Dropping her bag on the floor of the hotel room she had just checked into, she tapped on the provided link with her thumb. Quickly, the phone alerted her that she couldn’t join the meeting without downloading the application, and of course, it wasn’t available for her phone. Now glancing at the clock and bending down to dig through her bag for her laptop, she realized she might end up being late to this conference. After hurriedly signing in and starting the process of the application downloading to her computer, her irritation began to rise. She didn’t understand why she couldn’t simply use the conferencing tools that worked just fine on her mobile. She finally was able to join the video conference, but it didn’t get better from there. The sound was intermittent, and the video kept freezing. She was thankful when the pitch was finally done. Truthfully, she thought to herself, it was over before it started. She didn’t want to partner with them with such a bad taste in her mouth right from the get-go. Maybe it was unfair of her to judge them so harshly this early, but her gut told her there had to be someone else out there that could offer what she was looking for without making it difficult.

Charlotte’s story isn’t unique. Have you considered the effects of the collaboration tools used in your organization?

Maybe you’ve had potential customers just like Charlotte and didn’t quite know why you couldn’t seal the deal. Perhaps you are aware of the idiosyncrasies of the tools you use but figure, “Oh well, good enough is good enough,” and just ignore it, trying to work around the issues as best you can. Collaboration tools, like the video conferencing in Charlotte’s story, can have an important place in the organizations of today. Used effectively, they can harness the ability to reach across state lines, time zones, and country borders significantly quicker and cheaper than any other method of connecting people face-to-face. But, as we saw above, breakdowns in these tools can be costly in more ways than one.

Collaboration tools are meant to foster teamwork, enhance productivity and drive user engagement, while keeping pace with today’s lightning-fast speed of business. They cover several types of software with the promise of saving time and money. They often tempt leadership with dreams of simplifying tasks, encouraging problem solving and managing teams and projects. They can even offer the tantalizing option of high-performance work achieved through remote work, which is increasingly demanded by employees.

Collaboration software is the umbrella term chosen for a wide variety of software product types that can be independent of one another, such as communications, conferencing, and coordination. Communication software includes email, instant messaging, or chat-style programs. Conferencing software focuses on real-time collaboration, generally with video or the ability for members to share screens and comment on content as it’s being created. Coordination software is the most recent type of collaborative software to join the party. This tool was created to help manage complex tasks that require many different hands to complete and is helpful for understanding the timing and place in the process of a particular project. Consumer-directed tools like Facebook Messaging or Facetime offer simplicity and an intuitive user experience but aren’t up to the capabilities and security that business collaboration tools can offer.

the effects of the collaboration tools used in your organization.jpg

70 percent of workers waste

near 60 minutes per day between applications.

Breakdowns of collaboration tools happen all the time. These interruptions can affect internal as well as external processes.
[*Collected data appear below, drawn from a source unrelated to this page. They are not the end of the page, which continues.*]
text \<open>Conventions: codewords, positions and symbols are indexed from 0:
  codeword i < M, time t < n, symbol index l < L with symbols x l.
  Codeword i is the function u i :: nat \<Rightarrow> complex (u i t = u_t(i)),
  the decoding set of codeword i is the product of the sets D i t, t < n.\<close>

text \<open>Channel transition density f_{Y|X}(y|x), with s2 = sigma^2.\<close>
definition fYX :: "real \<Rightarrow> complex \<Rightarrow> complex \<Rightarrow> real" where
  "fYX s2 y x = exp (- (cmod (y - x))\<^sup>2 / s2) / (pi * s2)"

definition chan1 :: "real \<Rightarrow> complex \<Rightarrow> complex measure" where
  "chan1 s2 x = density lborel (\<lambda>y. ennreal (fYX s2 y x))"

definition noiseW :: "real \<Rightarrow> complex measure" where
  "noiseW s2 = chan1 s2 0"

definition chanN :: "real \<Rightarrow> nat \<Rightarrow> (nat \<Rightarrow> complex) \<Rightarrow> (nat \<Rightarrow> complex) measure" where
  "chanN s2 n v = density (PiM {..<n} (\<lambda>_. lborel)) (\<lambda>y. ennreal (\<Prod>t<n. fYX s2 (y t) (v t)))"

definition wtype :: "nat \<Rightarrow> (nat \<Rightarrow> complex) \<Rightarrow> complex \<Rightarrow> real" where
  "wtype n v a = real (card {t. t < n \<and> v t = a}) / real n"

definition ctype :: "nat \<Rightarrow> nat \<Rightarrow> (nat \<Rightarrow> nat \<Rightarrow> complex) \<Rightarrow> complex \<Rightarrow> real" where
  "ctype n M u a = (\<Sum>i<M. wtype n (u i) a) / real M"

definition is_code :: "nat \<Rightarrow> nat \<Rightarrow> nat \<Rightarrow> (nat \<Rightarrow> complex) \<Rightarrow> real \<Rightarrow>
    (nat \<Rightarrow> nat \<Rightarrow> complex) \<Rightarrow> (nat \<Rightarrow> nat \<Rightarrow> complex set) \<Rightarrow> bool" where
  "is_code n M L x A u D \<longleftrightarrow>
     (\<forall>i<M. \<forall>t<n. u i t \<in> x ` {..<L} \<and> cmod (u i t) \<le> A) \<and>
     (\<forall>i<M. \<forall>t<n. D i t \<in> sets lborel) \<and>
     (\<forall>i<M. \<forall>j<M. i \<noteq> j \<longrightarrow> PiE {..<n} (D i) \<inter> PiE {..<n} (D j) = {}) \<and>
     M \<le> 2 ^ (n * nat \<lfloor>log 2 (real L)\<rfloor>)"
Internally, studies show that almost 70 percent of workers waste near 60 minutes per day between applications. These statistic implicate tools that were created to save, not waste time. External collaboration breakdowns damage brand impressions, perceptions, and value. The pain you experience from breakdowns in internal collaboration tools comes from hits to lost time and reduced productivity. But the pain you feel from external collaboration failures can be measured in dollars and cents.

As in Charlotte’s experience, the collaboration tool your organization selects can directly affect your customer’s overall perception of you. When you communicate with a prospect with software that just doesn’t work, that poor performance is unfortunately transferred to you. In your customer’s eyes, that poorly-functioning tool IS YOU.
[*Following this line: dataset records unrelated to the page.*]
theorem theorem1:
  fixes L M k :: nat
    and \<alpha> :: "nat \<Rightarrow> real vec" and T :: "nat \<Rightarrow> real mat" and t :: "nat \<Rightarrow> real vec"
    and p :: "(nat \<Rightarrow> nat) \<Rightarrow> real"
    and x :: "nat \<Rightarrow> real"
  defines "fs \<equiv> \<lambda>j. ME_fun (\<alpha> j) (T j) (t j)"
  defines "f \<equiv> mix L M fs p"
  defines "q \<equiv> \<lambda>i. if k < M
              then p i * (\<Prod>m\<in>{k+1..M}. fs (i m) (x m)) /
                   (\<Sum>h\<in>idx L M. p h * (\<Prod>m\<in>{k+1..M}. fs (h m) (x m)))
              else p i"
  assumes "L \<ge> 1" and "M \<ge> 1"
    and ME: "\<And>j. j \<in> {1..L} \<Longrightarrow> ME_triple (\<alpha> j) (T j) (t j)"
    and dens: "MMEam_weights L M fs p"
    and k: "1 \<le> k" "k \<le> M"
    and xnn: "\<And>m. m \<in> {k+1..M} \<Longrightarrow> x m \<ge> 0"
    and defined: "marg k f x > 0"
  shows "(\<forall>y\<in>orthant k. fcon k f x y =
            (\<Sum>i\<in>idx L M. q i * (\<Prod>j\<in>{1..k}. fs (i j) (y j))))
       \<and> is_MMEam L k fs (fcon k f x)
       \<and> (\<forall>r :: nat \<Rightarrow> nat.
            set_integrable (PiM {1..k} (\<lambda>_. lborel)) (orthant k)
              (\<lambda>y. (\<Prod>j\<in>{1..k}. y j ^ r j) * fcon k f x y)
          \<and> (LINT y:orthant k|PiM {1..k} (\<lambda>_. lborel).
                (\<Prod>j\<in>{1..k}. y j ^ r j) * fcon k f x y)
            = (\<Sum>i\<in>idx L M. q i * (\<Prod>j\<in>{1..k}.
                 fact (r j) * (\<alpha> (i j) \<bullet> ((the (mat_inverse (- T (i j))) ^\<^sub>m (r j + 1)) *\<^sub>v t (i j))))))"
proof -
  have density: "set_integrable lborel {0..} (fs j)" "(LINT z:{0..}|lborel. fs j z) = 1"
    if "j \<in> {1..L}" for j
    using ME[OF that] unfolding ME_triple_def fs_def by auto
  have fcon: "fcon k f x y = (\<Sum>i\<in>idx L M. q i * (\<Prod>j\<in>{1..k}. fs (i j) (y j)))" for y
    using fcon_mix[OF k(2) density] dens k unfolding f_def q_def MMEam_weights_def
    by (cases "k < M") simp_all
  have "marg k f x = (\<Sum>h\<in>idx L M. p h * (\<Prod>m\<in>{k+1..M}. fs (h m) (x m)))"
    unfolding f_def by (rule marg_mix[OF k(2)]) (fact density)+
  then have "(\<Sum>i\<in>idx L M. q i) = 1"
    using defined dens unfolding q_def MMEam_weights_def
    by (cases "k < M") (simp_all add: sum_divide_distrib[symmetric])
  moreover have "fcon k f x y \<ge> 0" if "y \<in> orthant k" for y
    unfolding fcon_def f_def using mix_glue_nonneg[OF dens k(2) that xnn] defined f_def by simp
  ultimately have "is_MMEam L k fs (fcon k f x)"
    by (rule is_MMEam_restrict_weights[OF k(2) _ fcon])
  then show ?thesis
    using fcon set_integral_orthant_moment_ME_mix[where \<alpha> = \<alpha> and T = T and t = t, OF ME k(2)]
    unfolding fs_def by simp
qed

end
“The pain you experience from breakdowns in internal collaboration tools comes from hits to lost time and reduced productivity. But the pain you feel from external collaboration failures can be measured in dollars and cents.”

The tools that you use to communicate are a portrait of your abilities. What sort of portrait are you painting? Every impression — especially a disappointing one — is a foreshadowing of the type of performance clients can expect from you and is brushed onto the canvas. Don’t make it an ugly portrait. Create a masterpiece. Don’t let a tool knock you out of the running because you made the mistake of thinking your current solution was “good enough.”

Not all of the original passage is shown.